I'm going to have a script place the hash id created (which is obfuscating a primary key) after the forward slash at the end of my domain name in the address bar so the address bar will now have: "MySite.com/laHquq" after the information is saved to my database. This will simply be done to indicate that now the information that was saved in the textarea can be seen again by visiting the site with the hash id after the forward slash.
I will also have a script with a self invoking function that will get the url from the address bar each time the page loads and check for a hash id after the forward slash then use the hash id to find the right information from the db to display in the textarea on the page. I wondered if using hashids: http://www.hashids.org/ will help prevent hash collisions.
Upvotes: 2
Views: 1639
Reputation: 1
Found a collision.
'main' => [
'salt' => 'KorvpalliSuuruneTennisePall666',
'length' => '8',
'alphabet' => 'abcdefghijklmnopqrstuvwxyzABCDEFGHIJKLMNOPQRSTUVWXYZ1234567890',
],
Hashids::encode(250) results DoGxYxgJ
Hashids::encode(294) results DoGxYxgJ
Upvotes: -1
Reputation: 21
Showing empiric results with PHP here. We have tested with minimum of 5 chars, with this salt as shown below:
$hashids = new Hashids\Hashids('this is my salt', 5, 'BCDFGHJKLMNPQRSTVWXYZ0123456789');
With a process running 24x7 for a week in a loop to fill rows in a MySQL DB, hashing PK from 1, in a table like this:
create table hashids (
id int NOT NULL AUTO_INCREMENT primary key,
hash varchar(255)
);
with the UNIQUE index in the hash and controlling both the ON DUPLICATE KEY during the script and running a SELECT DISTINCT at the end of the process for sanity check.
We stopped the process at
select count(*) from hashids;
+-----------+
| count(*) |
+-----------+
| 355325777 |
+-----------+
Then we decided to start from close to the upper limits of signed BIGINT.

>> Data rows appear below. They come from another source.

lemma delannoy_sq_coeff_rec:
  assumes "n \<ge> 1"
  shows "(of_nat n + 1) ^ 2 * delannoy_sq_coeff (n + 1) (j + 1)
     = (2 * of_nat n + 1) * (of_nat n + 1) * (4 * delannoy_prod_coeff (n + 1) j + delannoy_prod_coeff (n + 1) (j + 1))
       - of_nat n * (2 * of_nat n + 1) * (4 * delannoy_prod_coeff n j + delannoy_prod_coeff n (j + 1))
       + of_nat n ^ 2 * delannoy_sq_coeff (n - 1) (j + 1)"
proof -
  define x :: rat where "x = of_nat n"
  have x_minus_1: "of_nat (n - 1) = x - 1" "of_nat (n - Suc 0) = x - 1"
    using assms by (simp_all add: x_def of_nat_diff)
  have n_minus_1: "n - 1 + (j + 1) = n + j"
    using assms by simp
  define C :: rat where "C = of_nat (2 * j choose j)"
  have central: "of_nat (2 * (j + 1) choose (j + 1)) = 2 * (2 * of_nat j + 1) / (of_nat j + 1) * C"
    unfolding C_def by (rule central_binomial_Suc)
  show ?thesis
  proof (cases j)
    case 0
    then show ?thesis
      unfolding delannoy_prod_coeff_def delannoy_sq_coeff_def n_minus_1
      by (simp add: x_def[symmetric] x_minus_1 algebra_simps power2_eq_square)
  next
    case (Suc i)
    define Q where "Q = pochhammer (x - of_nat i) i"
    define R where "R = pochhammer (x + 2) i"
    have binomials:
      "of_nat (n choose j) = Q * x / fact j"
      "of_nat (n - 1 choose j) = (x - of_nat i - 1) * Q / fact j"
      "of_nat (n choose (j + 1)) = (x - of_nat i - 1) * Q * x / fact (j + 1)"
      "of_nat (n - 1 choose (j + 1)) = (x - of_nat i - 2) * (x - of_nat i - 1) * Q / fact (j + 1)"
      "of_nat (n + 1 choose (j + 1)) = Q * x * (x + 1) / fact (j + 1)"
      "of_nat (n + 1 + j choose j) = R * (x + 2 + of_nat i) / fact j"
      "of_nat (n + 1 + (j + 1) choose (j + 1))
         = R * (x + 2 + of_nat i) * (x + 3 + of_nat i) / fact (j + 1)"
      "of_nat (n + j choose j) = (x + 1) * R / fact j"
      "of_nat (n + (j + 1) choose (j + 1)) = (x + 1) * R * (x + 2 + of_nat i) / fact (j + 1)"
      "of_nat (n + j choose (j + 1)) = x * (x + 1) * R / fact (j + 1)"
      unfolding Suc Q_def R_def
      subgoal by (subst of_nat_choose_pochhammer[of "x - of_nat i"]) (auto simp: x_def pochhammer_Suc_right[of x])
      subgoal by (subst of_nat_choose_pochhammer[of "x - of_nat i - 1"])
          (auto simp: x_minus_1 pochhammer_Suc_left[of "x - of_nat i"])
      subgoal by (subst of_nat_choose_pochhammer[of "x - of_nat i - 1"])
          (auto simp: x_def pochhammer_Suc_right[of x] pochhammer_Suc_left[of "x - of_nat i"])
      subgoal by (subst of_nat_choose_pochhammer[of "x - of_nat i - 2"])
          (auto simp: x_minus_1 pochhammer_Suc_left[of "x - of_nat i - 1"] pochhammer_Suc_left[of "x - of_nat i"])
      subgoal by (subst of_nat_choose_pochhammer[of "x - of_nat i"])
          (auto simp: x_def pochhammer_Suc_right[of x] pochhammer_Suc_right[of "x + 1"])
      subgoal by (subst of_nat_choose_pochhammer[of "x + 2"])
          (auto simp: x_def pochhammer_Suc_right[of "x + 2 + of_nat i"])
      subgoal by (subst of_nat_choose_pochhammer[of "x + 2"])
          (auto simp: x_def pochhammer_Suc_right[of "x + 2 + of_nat i"] pochhammer_Suc_right[of "x + 3 + of_nat i"])
      subgoal by (subst of_nat_choose_pochhammer[of "x + 1"]) (auto simp: x_def pochhammer_Suc_left[of "x + 2"])
      subgoal by (subst of_nat_choose_pochhammer[of "x + 1"])
          (auto simp: x_def pochhammer_Suc_left[of "x + 2"] pochhammer_Suc_right[of "x + 2 + of_nat i"])
      subgoal by (subst of_nat_choose_pochhammer[of x])
          (auto simp: x_def pochhammer_Suc_left[of "x + 1"] pochhammer_Suc_left[of "x + 2"])
      done
    define F :: rat where "F = fact (j + 1)"
    have fact_j: "fact j = F / (of_nat i + 2)"
      unfolding Suc F_def by (simp add: field_simps)
    have of_nat_j: "(of_nat j :: rat) = of_nat i + 1"
      unfolding Suc by simp
    have "F \<noteq> 0" "(of_nat i + 2 :: rat) \<noteq> 0" "(2 + of_nat i :: rat) \<noteq> 0"
      unfolding F_def by (simp_all add: add_nonneg_pos)
    then show ?thesis
      unfolding delannoy_prod_coeff_def delannoy_sq_coeff_def add_diff_cancel_right' n_minus_1 binomials
        central C_def[symmetric] x_def[symmetric] fact_j F_def[symmetric] of_nat_j
      by (simp add: divide_simps; simp add: algebra_simps power2_eq_square)
  qed
qed

definition delannoy_sq_sum :: "nat \<Rightarrow> rat" where
  "delannoy_sq_sum n = pow2_sum (delannoy_sq_coeff n) (n + 1)"

definition delannoy_prod_sum :: "nat \<Rightarrow> rat" where
  "delannoy_prod_sum n = 3 * pow2_sum (delannoy_prod_coeff n) (n + 1)"

lemma pow2_sum_delannoy_sq_coeff:
  "M \<ge> n + 1 \<Longrightarrow> pow2_sum (delannoy_sq_coeff n) M = delannoy_sq_sum n"
  unfolding delannoy_sq_sum_def by (rule pow2_sum_vanishing_tail) (auto simp: delannoy_sq_coeff_def)

lemma pow2_sum_delannoy_prod_coeff:
  "n \<ge> 1 \<Longrightarrow> M \<ge> n + 1 \<Longrightarrow> 3 * pow2_sum (delannoy_prod_coeff n) M = delannoy_prod_sum n"
  unfolding delannoy_prod_sum_def
  using pow2_sum_vanishing_tail[of n "delannoy_prod_coeff n" M]
    pow2_sum_vanishing_tail[of n "delannoy_prod_coeff n" "n + 1"]
  by (auto simp: delannoy_prod_coeff_def)
lemma coset_cover:
  assumes x: "x \<in> carrier C.G"
  shows "\<exists>u\<in>carrier G. x = psi u \<or> x = psi u \<otimes>\<^bsub>C.G\<^esub> s0"
proof -
  define P where "P x \<longleftrightarrow> (\<exists>u\<in>carrier G. x = psi u \<or> x = psi u \<otimes>\<^bsub>C.G\<^esub> s0)" for x
  have step: "P (cgen i \<otimes>\<^bsub>C.G\<^esub> y)" if i: "i < n" and y: "y \<in> carrier C.G" and IH: "P y" for i y
  proof -
    obtain u where u: "u \<in> carrier G" "y = psi u \<or> y = psi u \<otimes>\<^bsub>C.G\<^esub> s0" using IH unfolding P_def by blast
    define w where "w = root_path i \<otimes>\<^bsub>G\<^esub> inv_gens (inv\<^bsub>G\<^esub> root_path i \<otimes>\<^bsub>G\<^esub> u)"
    have w: "w \<in> carrier G" "cgen i \<otimes>\<^bsub>C.G\<^esub> psi u = psi w \<otimes>\<^bsub>C.G\<^esub> s0"
      using cgen_mult_psi[OF i u(1)] root_path_carrier[OF i] u(1) by (simp_all add: w_def)
    from u(2) show ?thesis
    proof
      assume "y = psi u \<otimes>\<^bsub>C.G\<^esub> s0"
      then have "cgen i \<otimes>\<^bsub>C.G\<^esub> y = psi w \<otimes>\<^bsub>C.G\<^esub> (s0 \<otimes>\<^bsub>C.G\<^esub> s0)"
        using w u(1) s0_carrier cgen_carrier[OF i] by (simp add: Cox.m_assoc[symmetric])
      then have "cgen i \<otimes>\<^bsub>C.G\<^esub> y = psi w" using w(1) s0_square by simp
      then show ?thesis using w(1) unfolding P_def by blast
    qed (use w in \<open>auto simp: P_def\<close>)
  qed
  have "P x"
  proof (rule C.gen_induct[OF x])
    show "P \<one>\<^bsub>C.G\<^esub>" unfolding P_def using F.one_closed psi.hom_one by metis
  next
    fix i y assume "i \<in> {..<n}" "y \<in> carrier C.G" "P y"
    then show "P (cgen i \<otimes>\<^bsub>C.G\<^esub> y)" "P (inv\<^bsub>C.G\<^esub> cgen i \<otimes>\<^bsub>C.G\<^esub> y)"
      using step Cox.invol_inv[OF cgen_carrier cgen_square] by simp_all
  qed
  then show ?thesis unfolding P_def .
qed

lemma Phi_kernel: "kernel C.G Aut Phi = {\<one>\<^bsub>C.G\<^esub>}"
proof -
  have "x = \<one>\<^bsub>C.G\<^esub>" if x: "x \<in> carrier C.G" and k: "Phi x = \<one>\<^bsub>Aut\<^esub>" for x
  proof -
    obtain u where u: "u \<in> carrier G" "x = psi u \<or> x = psi u \<otimes>\<^bsub>C.G\<^esub> s0" using coset_cover[OF x] by blast
    have "x \<noteq> psi u \<otimes>\<^bsub>C.G\<^esub> s0"
    proof
      assume "x = psi u \<otimes>\<^bsub>C.G\<^esub> s0"
      then have "conj_aut G u \<otimes>\<^bsub>Aut\<^esub> inversion = \<one>\<^bsub>Aut\<^esub>"
        using k Phi_psi[OF u(1)] s0_carrier u(1) Phi_cgen[OF n0] refl_aut_root by simp
      then show False using conj_aut_inversion_ne_one[OF u(1) L_ge_2] exponent_odd by blast
    qed
    then have "conj_aut G u = \<one>\<^bsub>Aut\<^esub>" "x = psi u" using k Phi_psi[OF u(1)] u(2) by simp_all
    then show ?thesis using conj_aut_trivial[OF u(1) L_ge_2] by simp
  qed
  then show ?thesis by (auto simp: kernel_def)
qed

lemma coxeter_group_embeds:
  "\<exists>\<phi>. \<phi> \<in> hom (coxeter_group n m) (AutoGroup (free_product_cyclic ms)) \<and> inj_on \<phi> (carrier (coxeter_group n m))"
  using Phi_hom Phi.trivial_ker_imp_inj[OF Phi_kernel] unfolding free_product_cyclic_eq coxeter_group_def by blast

end

theorem corollary2p10:
  fixes W :: "('g, 'b) monoid_scheme" and n :: nat and m :: "nat \<Rightarrow> nat \<Rightarrow> enat"
    and ms :: "nat list"
  assumes "group W"
    and "coxeter_matrix n m"
    and "W \<cong> coxeter_group n m"
    and "odd_coxeter n m"
    and "cox_connected n m"
    and "cox_tree n m"
    and "n \<ge> 3"
    and "mset ms = finite_exponents n m"
  shows "\<exists>\<phi>. \<phi> \<in> hom W (AutoGroup (free_product_cyclic ms)) \<and> inj_on \<phi> (carrier W)"
proof -
  obtain parent label child depth where "coxeter_tree ms n m parent label child depth"
    using coxeter_tree_exists[OF assms(2,4,6,7,8)] by blast
  then show ?thesis
    using coxeter_tree.coxeter_group_embeds iso_embedding_transfer[OF assms(3)] by blast
qed

end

ID: 9223372036854775000-> HASH: RQ0ZPNPPPZ6Q7RNV
ID: 9223372036854775329-> HASH: YN2K8Y888K7NW6VY
ID: 9223372036854775654-> HASH: 2MQ0474440VM8QMY
ID: 9223372036854775777-> HASH: 7L25R7RRR5ZL820W
ID: 9223372036854775805-> HASH: 020WV7VVVWX250YM
ID: 9223372036854775807-> HASH: QVMZYRYYYZXVLM0W
In both cases, after running for days and filling 15Gb of ids, the hashid stood.
We confirm no collisions found so far.
This test is well beyond the limits of our application, so we considered Hashids safe for us to use. Of course, as in Maths, an empiric result doesn't demonstrate the law.
Also bear in mind that Hashids has an upper limit, at least with PHP, before you reach the signed/unsigned BIGINT MySQL DB limit or PHP_INT_MAX.
Upvotes: 0
Reputation: 113994
From the documentation it looks like you'll never face collisions with hashid. That's because it's not a hash. It's a cipher - an encryption algorithm. A really weak one though but good enough to generate ids that look like hash.
One key clue is that there's a decrypt
function. Real hashes, ones that can collide, cannot be decrypted into a single value because there are multiple values (usually infinite) that generates the same hash.
In some ways it's similar to base64 encoding but with a character set chosen to be URL friendly (no +
or /
).
Upvotes: 5